Tandis que nous tournions au-dessus du terrain, j’avais remarqué plusieurs de ces immenses animaux, pareils à ceux que j’avais vus tirant les affûts et les chariots de l’armée des Zanis, debout d’un côté du champ derrière la foule. Plusieurs bêtes furent alors conduites sur le terrain, et jusqu’à l’appareil, du moins aussi près que leurs cornacs purent les faire avancer ; car elles avaient manifestement peur de cette chose étrange. À présent, pour la première fois, je voyais de près un gantor. Cet animal était plus grand qu’un éléphant d’Afrique et ses pattes étaient fort semblables à celles de ce dernier, mais là s’arrêtait la ressemblance. La tête était comme celle d’un taureau et armée d’une solide corne, longue d’environ trente centimètres, qui poussait au milieu du front, il avait une vaste gueule, et les puissantes mâchoires étaient garnies de très grosses dents ; son pelage, en arrière des épaules, était court et d’un jaune légèrement roux semé de taches blanches comme chez un cheval de race pinto ; et, couvrant les épaules et le cou court, il y avait une épaisse crinière sombre ; la queue était comme celle d’un taureau ; trois énormes orteils cornés couvraient tout le bas des pattes, formant des sabots. Le cornac de chaque animal était assis sur la crinière au-dessus des épaules ; et, derrière lui, sur le long et large dos se trouvait un palanquin découvert capable d’accueillir une douzaine de personnes. C’est du moins la description du palanquin du premier animal que j’examinai. Je vis par la suite qu’il y avait de nombreuses formes de palanquins, et en fait celui porté par l’animal que l’on amena pour nous conduire hors du terrain, Duare, Taman et moi, était un palanquin très ouvragé à quatre places. Une échelle était attachée sur le flanc gauche de chaque gantor et, lorsque les cornacs eurent persuadé leurs montures d’approcher autant que possible de l’appareil, chaque cornac sauta à terre et plaça son échelle contre le flanc de l’animal. Les passagers montèrent par ces échelles dans les palanquins. J’observai toute cette marche à suivre avec intérêt, me demandant comment le cornac allait regagner son siège s’il rattachait l’échelle sur le flanc du gantor ou ce qu’il ferait de l’échelle s’il l’utilisait pour remonter sur le gantor.
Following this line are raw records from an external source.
(* Let $\mathcal{A}$ be a prime Banach algebra with a nonzero idempotent $p$ (i.e. $p^2=p\neq0$) such that $\mathcal{A}p$ is finite dimensional. Then every derivation on $\mathcal{A}$ is continuous.
   Context: A derivation on $\mathcal{A}$ is a linear map $\delta:\mathcal{A}\to\mathcal{A}$ with $\delta(ab)=a\delta(b)+\delta(a)b$ for all $a,b\in\mathcal{A}$; it is not assumed continuous. *)

theory Defs
  imports "HOL-Analysis.Analysis"
begin

definition derivation :: "('a::real_normed_algebra \<Rightarrow> 'a) \<Rightarrow> bool" where
  "derivation \<delta> \<longleftrightarrow> linear \<delta> \<and> (\<forall>a b. \<delta> (a * b) = a * \<delta> b + \<delta> a * b)"

definition prime_algebra :: "'a::real_normed_algebra itself \<Rightarrow> bool" where
  "prime_algebra _ \<longleftrightarrow> (\<forall>a b::'a. (\<forall>x. a * x * b = 0) \<longrightarrow> a = 0 \<or> b = 0)"

definition fin_dim_subspace :: "'a::real_vector set \<Rightarrow> bool" where
  "fin_dim_subspace S \<longleftrightarrow> (\<exists>B. finite B \<and> span B = S)"

end

theory Submission
  imports Defs
begin

(* Primeness makes \<A> finite dimensional: if a x p = 0 for all x then a = 0, so a is determined
   by left multiplication on the finite-dimensional space \<A>p, and finitely many coordinate
   functionals of the maps a \<mapsto> a e (e ranging over a basis of \<A>p) separate the points of \<A>.
   On a finite-dimensional normed space every linear map is bounded: by induction on a basis,
   each coordinate is bounded by a multiple of the norm, the new basis vector having positive
   distance from the span of the others, which is closed by the induction hypothesis.
   Hence only linearity of the derivation is used, and neither p * p = p nor completeness. *)

lemma fin_dim_subspace_obtain_basis:
  assumes "fin_dim_subspace S"
  obtains B where "finite B" "independent B" "span B = S"
proof -
  obtain B0 where "finite B0" "span B0 = S"
    using assms by (auto simp: fin_dim_subspace_def)
  moreover obtain B where "B \<subseteq> B0" "independent B" "B0 \<subseteq> span B"
    using maximal_independent_subset by blast
  ultimately show thesis
    by (metis that finite_subset span_eq span_superset subset_trans)
qed

lemma fin_dim_subspace_if_separating_functionals:
  fixes F :: "('a::real_vector \<Rightarrow> real) set"
  assumes "finite F" and "\<forall>f\<in>F. linear f" and "subspace W"
    and "\<forall>w\<in>W. (\<forall>f\<in>F. f w = 0) \<longrightarrow> w = 0"
  shows "fin_dim_subspace W"
  using assms
proof (induction F arbitrary: W rule: finite_induct)
  case empty
  then have "W = span {}" using subspace_0 by (auto simp: span_empty)
  then show ?case by (auto simp: fin_dim_subspace_def)
next
  case (insert f F)
  have lin_f: "linear f" using insert.prems(1) by simp
  define W' where "W' = W \<inter> {x. f x = 0}"
  have "subspace W'"
    using insert.prems(2) lin_f
    by (auto simp: W'_def subspace_def linear_0 linear_add linear_scale)
  moreover have "\<forall>w\<in>W'. (\<forall>g\<in>F. g w = 0) \<longrightarrow> w = 0"
    using insert.prems(3) by (auto simp: W'_def)
  ultimately have "fin_dim_subspace W'"
    using insert.IH insert.prems(1) by simp
  then obtain T where T: "finite T" "span T = W'"
    by (auto simp: fin_dim_subspace_def)
  show ?case
  proof (cases "\<forall>w\<in>W. f w = 0")
    case True
    then have "W' = W" by (auto simp: W'_def)
    then show ?thesis using T by (auto simp: fin_dim_subspace_def)
  next
    case False
    then obtain w0 where w0: "w0 \<in> W" "f w0 \<noteq> 0" by auto
    have "span (insert w0 T) \<subseteq> W"
      using w0(1) T(2) insert.prems(2) span_superset
      by (intro span_minimal) (auto simp: W'_def)
    moreover have "w \<in> span (insert w0 T)" if w: "w \<in> W" for w
    proof -
      define c where "c = f w / f w0"
      have "w - c *\<^sub>R w0 \<in> W'"
        using w w0 insert.prems(2) lin_f
        by (simp add: W'_def c_def subspace_diff subspace_scale linear_diff linear_scale)
      then have "w - c *\<^sub>R w0 \<in> span (insert w0 T)"
        using T(2) span_mono[of T "insert w0 T"] by auto
      moreover have "c *\<^sub>R w0 \<in> span (insert w0 T)"
        by (simp add: span_base span_scale)
      ultimately show ?thesis
        using span_add by fastforce
    qed
    ultimately have "span (insert w0 T) = W" by blast
    then show ?thesis using T(1) by (auto simp: fin_dim_subspace_def)
  qed
qed

lemma prime_algebra_fin_dim_if_fin_dim_left_ideal:
  fixes p :: "'a::real_normed_algebra"
  assumes "prime_algebra TYPE('a)" and "p \<noteq> 0"
    and "fin_dim_subspace (range (\<lambda>a. a * p))"
  shows "fin_dim_subspace (UNIV :: 'a set)"
proof -
  obtain D where D: "finite D" "independent D" "span D = range (\<lambda>a. a * p)"
    using assms(3) by (rule fin_dim_subspace_obtain_basis)
  have mult_in_span: "a * e \<in> span D" if "e \<in> D" for a e
  proof -
    obtain x where "e = x * p" using \<open>e \<in> D\<close> D(3) span_superset by blast
    then show ?thesis using D(3) by (simp add: mult.assoc[symmetric])
  qed
  define F where "F = (\<lambda>(e, d) a. representation D (a * e) d) ` (D \<times> D)"
  have "linear f" if "f \<in> F" for f
  proof -
    obtain e d where "e \<in> D" and f: "f = (\<lambda>a. representation D (a * e) d)"
      using \<open>f \<in> F\<close> by (auto simp: F_def)
    show ?thesis
      unfolding f using D(2) mult_in_span[OF \<open>e \<in> D\<close>]
      by (intro linearI) (simp_all add: distrib_right representation_add representation_scale)
  qed
  moreover have "a = 0" if "\<forall>f\<in>F. f a = 0" for a :: 'a
  proof -
    have "a * e = 0" if "e \<in> D" for e
    proof -
      have "a * e = (\<Sum>d\<in>D. representation D (a * e) d *\<^sub>R d)"
        using sum_representation_eq[OF D(2) mult_in_span[OF \<open>e \<in> D\<close>] D(1) order_refl] by simp
      also have "\<dots> = 0"
        using \<open>\<forall>f\<in>F. f a = 0\<close> \<open>e \<in> D\<close> by (simp add: F_def)
      finally show ?thesis .
    qed
    then have "a * y = 0" if "y \<in> span D" for y
      using linear_eq_0_on_span[OF bounded_linear.linear[OF bounded_linear_mult_right] _ that] by blast
    then have "\<forall>x. a * x * p = 0"
      using D(3) by (simp add: mult.assoc)
    then show ?thesis
      using assms(1,2) by (auto simp: prime_algebra_def)
  qed
  ultimately show ?thesis
    using D(1) by (intro fin_dim_subspace_if_separating_functionals[of F]) (auto simp: F_def)
qed

lemma closed_span_if_coefficients_bounded:
  fixes B :: "'a::real_normed_vector set"
  assumes "finite B"
    and coeff_bound: "\<forall>c. \<forall>v\<in>B. \<bar>c v\<bar> \<le> C * norm (\<Sum>w\<in>B. c w *\<^sub>R w)"
  shows "closed (span B)"
  unfolding closed_sequential_limits
proof (intro allI impI, elim conjE)
  fix x l assume "\<forall>n. x n \<in> span B" and "x \<longlonglongrightarrow> l"
  then have "\<forall>n. \<exists>c. x n = (\<Sum>v\<in>B. c v *\<^sub>R v)"
    using span_finite[OF assms(1)] by blast
  then obtain u where u: "\<And>n. x n = (\<Sum>v\<in>B. u n v *\<^sub>R v)"
    by metis
  define K where "K = \<bar>C\<bar> + 1"
  have "K > 0" by (simp add: K_def)
  have "Cauchy (\<lambda>n. u n v)" if "v \<in> B" for v
  proof (rule CauchyI)
    fix e :: real assume "e > 0"
    then obtain M where M: "\<forall>m\<ge>M. \<forall>n\<ge>M. norm (x m - x n) < e / K"
      using \<open>x \<longlonglongrightarrow> l\<close> \<open>K > 0\<close> by (meson CauchyD LIMSEQ_imp_Cauchy divide_pos_pos)
    have "norm (u m v - u n v) < e" if "m \<ge> M" "n \<ge> M" for m n
    proof -
      have "x m - x n = (\<Sum>w\<in>B. (u m w - u n w) *\<^sub>R w)"
        by (simp add: u sum_subtractf scaleR_diff_left)
      then have "\<bar>u m v - u n v\<bar> \<le> C * norm (x m - x n)"
        using coeff_bound[rule_format, OF \<open>v \<in> B\<close>, of "\<lambda>w. u m w - u n w"] by simp
      also have "\<dots> \<le> K * norm (x m - x n)"
        by (intro mult_right_mono) (auto simp: K_def)
      also have "\<dots> < K * (e / K)"
        using M that \<open>K > 0\<close> by (intro mult_strict_left_mono) auto
      finally show ?thesis using \<open>K > 0\<close> by simp
    qed
    then show "\<exists>M. \<forall>m\<ge>M. \<forall>n\<ge>M. norm (u m v - u n v) < e" by blast
  qed
  then have "\<forall>v\<in>B. \<exists>l. (\<lambda>n. u n v) \<longlonglongrightarrow> l"
    by (simp add: Cauchy_convergent_iff convergent_def)
  then obtain d where "\<forall>v\<in>B. (\<lambda>n. u n v) \<longlonglongrightarrow> d v"
    by (rule bchoice[elim_format]) blast
  then have "x \<longlonglongrightarrow> (\<Sum>v\<in>B. d v *\<^sub>R v)"
    unfolding u by (auto intro!: tendsto_sum tendsto_scaleR)
  then have "l = (\<Sum>v\<in>B. d v *\<^sub>R v)"
    using \<open>x \<longlonglongrightarrow> l\<close> LIMSEQ_unique by blast
  then show "l \<in> span B"
    by (simp add: span_sum span_scale span_base)
qed

lemma abs_scaleR_infdist_span_le_norm:
  fixes b u :: "'a::real_normed_vector"
  assumes "u \<in> span S"
  shows "\<bar>t\<bar> * infdist b (span S) \<le> norm (t *\<^sub>R b + u)"
proof (cases "t = 0")
  case False
  have "- (1 / t) *\<^sub>R u \<in> span S"
    using assms by (rule span_scale)
  then have "infdist b (span S) \<le> norm (b + (1 / t) *\<^sub>R u)"
    using infdist_le by (fastforce simp: dist_norm)
  then have "\<bar>t\<bar> * infdist b (span S) \<le> norm (t *\<^sub>R (b + (1 / t) *\<^sub>R u))"
    by (simp add: mult_left_mono)
  also have "t *\<^sub>R (b + (1 / t) *\<^sub>R u) = t *\<^sub>R b + u"
    using False by (simp add: scaleR_add_right)
  finally show ?thesis .
qed simp

lemma independent_coefficients_bounded:
  fixes B :: "'a::real_normed_vector set"
  assumes "finite B" and "independent B"
  shows "\<exists>C\<ge>0. \<forall>c. \<forall>v\<in>B. \<bar>c v\<bar> \<le> C * norm (\<Sum>w\<in>B. c w *\<^sub>R w)"
  using assms
proof (induction B rule: finite_induct)
  case empty
  show ?case by auto
next
  case (insert b B)
  have "independent B" and "b \<notin> span B"
    using insert.prems insert.hyps by (auto simp: independent_insert)
  then obtain C where "C \<ge> 0" and C: "\<forall>c. \<forall>v\<in>B. \<bar>c v\<bar> \<le> C * norm (\<Sum>w\<in>B. c w *\<^sub>R w)"
    using insert.IH by blast
  define e where "e = infdist b (span B)"
  have "span B \<noteq> {}"
    using span_zero by blast
  then have "e > 0"
    using closed_span_if_coefficients_bounded[OF insert.hyps(1) C] \<open>b \<notin> span B\<close>
      in_closed_iff_infdist_zero[of "span B" b] infdist_nonneg[of b "span B"]
    by (auto simp: e_def span_zero)
  define C' where "C' = max (1 / e) (C * (1 + norm b / e))"
  have "\<bar>c v\<bar> \<le> C' * norm (\<Sum>w\<in>insert b B. c w *\<^sub>R w)" if "v \<in> insert b B" for c v
  proof -
    define u where "u = (\<Sum>w\<in>B. c w *\<^sub>R w)"
    define s where "s = (\<Sum>w\<in>insert b B. c w *\<^sub>R w)"
    have s: "s = c b *\<^sub>R b + u"
      using insert.hyps by (simp add: s_def u_def)
    have "u \<in> span B"
      by (simp add: u_def span_sum span_scale span_base)
    then have "\<bar>c b\<bar> * e \<le> norm s"
      unfolding s e_def by (rule abs_scaleR_infdist_span_le_norm)
    then have cb: "\<bar>c b\<bar> \<le> norm s / e"
      using \<open>e > 0\<close> by (simp add: field_simps)
    show ?thesis
    proof (cases "v = b")
      case True
      have "norm s / e = (1 / e) * norm s"
        by simp
      also have "\<dots> \<le> C' * norm s"
        by (intro mult_right_mono) (auto simp: C'_def)
      finally have "norm s / e \<le> C' * norm s" .
      then show ?thesis using True cb by (simp add: s_def)
    next
      case False
      have "norm u \<le> norm s + \<bar>c b\<bar> * norm b"
        using norm_triangle_ineq4[of s "c b *\<^sub>R b"] by (simp add: s)
      also have "\<dots> \<le> norm s + norm s / e * norm b"
        using mult_right_mono[OF cb norm_ge_zero[of b]] by simp
      finally have "norm u \<le> (1 + norm b / e) * norm s"
        by (simp add: algebra_simps)
      then have "\<bar>c v\<bar> \<le> C * ((1 + norm b / e) * norm s)"
        using C False that \<open>C \<ge> 0\<close> unfolding u_def
        by (meson dual_order.trans insertE mult_left_mono)
      also have "\<dots> = C * (1 + norm b / e) * norm s"
        by simp
      also have "\<dots> \<le> C' * norm s"
        by (intro mult_right_mono) (auto simp: C'_def)
      finally show ?thesis by (simp add: s_def)
    qed
  qed
  moreover have "C' \<ge> 0"
    using \<open>e > 0\<close> by (simp add: C'_def le_max_iff_disj)
  ultimately show ?case by blast
qed

lemma bounded_linear_if_fin_dim:
  fixes f :: "'a::real_normed_vector \<Rightarrow> 'b::real_normed_vector"
  assumes "fin_dim_subspace (UNIV :: 'a set)" and "linear f"
  shows "bounded_linear f"
proof -
  obtain B :: "'a set" where B: "finite B" "independent B" "span B = UNIV"
    using assms(1) by (rule fin_dim_subspace_obtain_basis)
  obtain C where C: "\<forall>c. \<forall>v\<in>B. \<bar>c v\<bar> \<le> C * norm (\<Sum>w\<in>B. c w *\<^sub>R w)"
    using independent_coefficients_bounded[OF B(1,2)] by blast
  define K where "K = C * (\<Sum>v\<in>B. norm (f v))"
  have "norm (f a) \<le> norm a * K" for a
  proof -
    define r where "r = representation B a"
    have a: "(\<Sum>v\<in>B. r v *\<^sub>R v) = a"
      unfolding r_def using sum_representation_eq[OF B(2) _ B(1) order_refl] B(3) by simp
    have "norm (f a) = norm (\<Sum>v\<in>B. r v *\<^sub>R f v)"
      using a assms(2) by (metis (no_types, lifting) linear_scale linear_sum sum.cong)
    also have "\<dots> \<le> (\<Sum>v\<in>B. \<bar>r v\<bar> * norm (f v))"
      using norm_sum[of "\<lambda>v. r v *\<^sub>R f v" B] by simp
    also have "\<dots> \<le> (\<Sum>v\<in>B. C * norm a * norm (f v))"
      using C a by (intro sum_mono mult_right_mono) auto
    also have "\<dots> = norm a * K"
      by (simp add: K_def sum_distrib_left mult_ac)
    finally show ?thesis .
  qed
  then show ?thesis
    using assms(2) by (auto intro!: bounded_linear_intro simp: linear_add linear_scale)
qed

theorem proposition2p9:
  fixes p :: "'a::{real_normed_algebra, banach}"
    and \<delta> :: "'a \<Rightarrow> 'a"
  assumes "prime_algebra TYPE('a)"
    and "p * p = p" and "p \<noteq> 0"
    and "fin_dim_subspace (range (\<lambda>a. a * p))"
    and "derivation \<delta>"
  shows "continuous_on UNIV \<delta>"
proof -
  have "fin_dim_subspace (UNIV :: 'a set)"
    using assms(1,3,4) by (rule prime_algebra_fin_dim_if_fin_dim_left_ideal)
  moreover have "linear \<delta>"
    using assms(5) by (simp add: derivation_def)
  ultimately have "bounded_linear \<delta>"
    by (rule bounded_linear_if_fin_dim)
  then show ?thesis
    by (rule linear_continuous_on)
qed

end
Eh bien, ma curiosité fut bientôt satisfaite. Chaque cornac rattacha son échelle sur le flanc du gantor et donna un ordre. Aussitôt l’animal baissa la tête jusqu’à presque toucher le sol du museau, ce qui amena sa corne en position horizontale à environ un mètre du sol. Le cornac grimpa sur la corne et donna un nouvel ordre, le gantor leva la tête et le cornac monta sur sa nuque et de là sur son siège au-dessus des épaules.
Les palanquins des autres gantors étaient emplis d’officiers et de soldats qui nous servirent d’escorte pour quitter le champ, certains nous précédant, d’autres nous suivant, et nous sortîmes du terrain pour suivre une large avenue. À notre passage, les gens saluaient en levant les mains, bras tendus à un angle de quarante-cinq degrés, paumes croisées.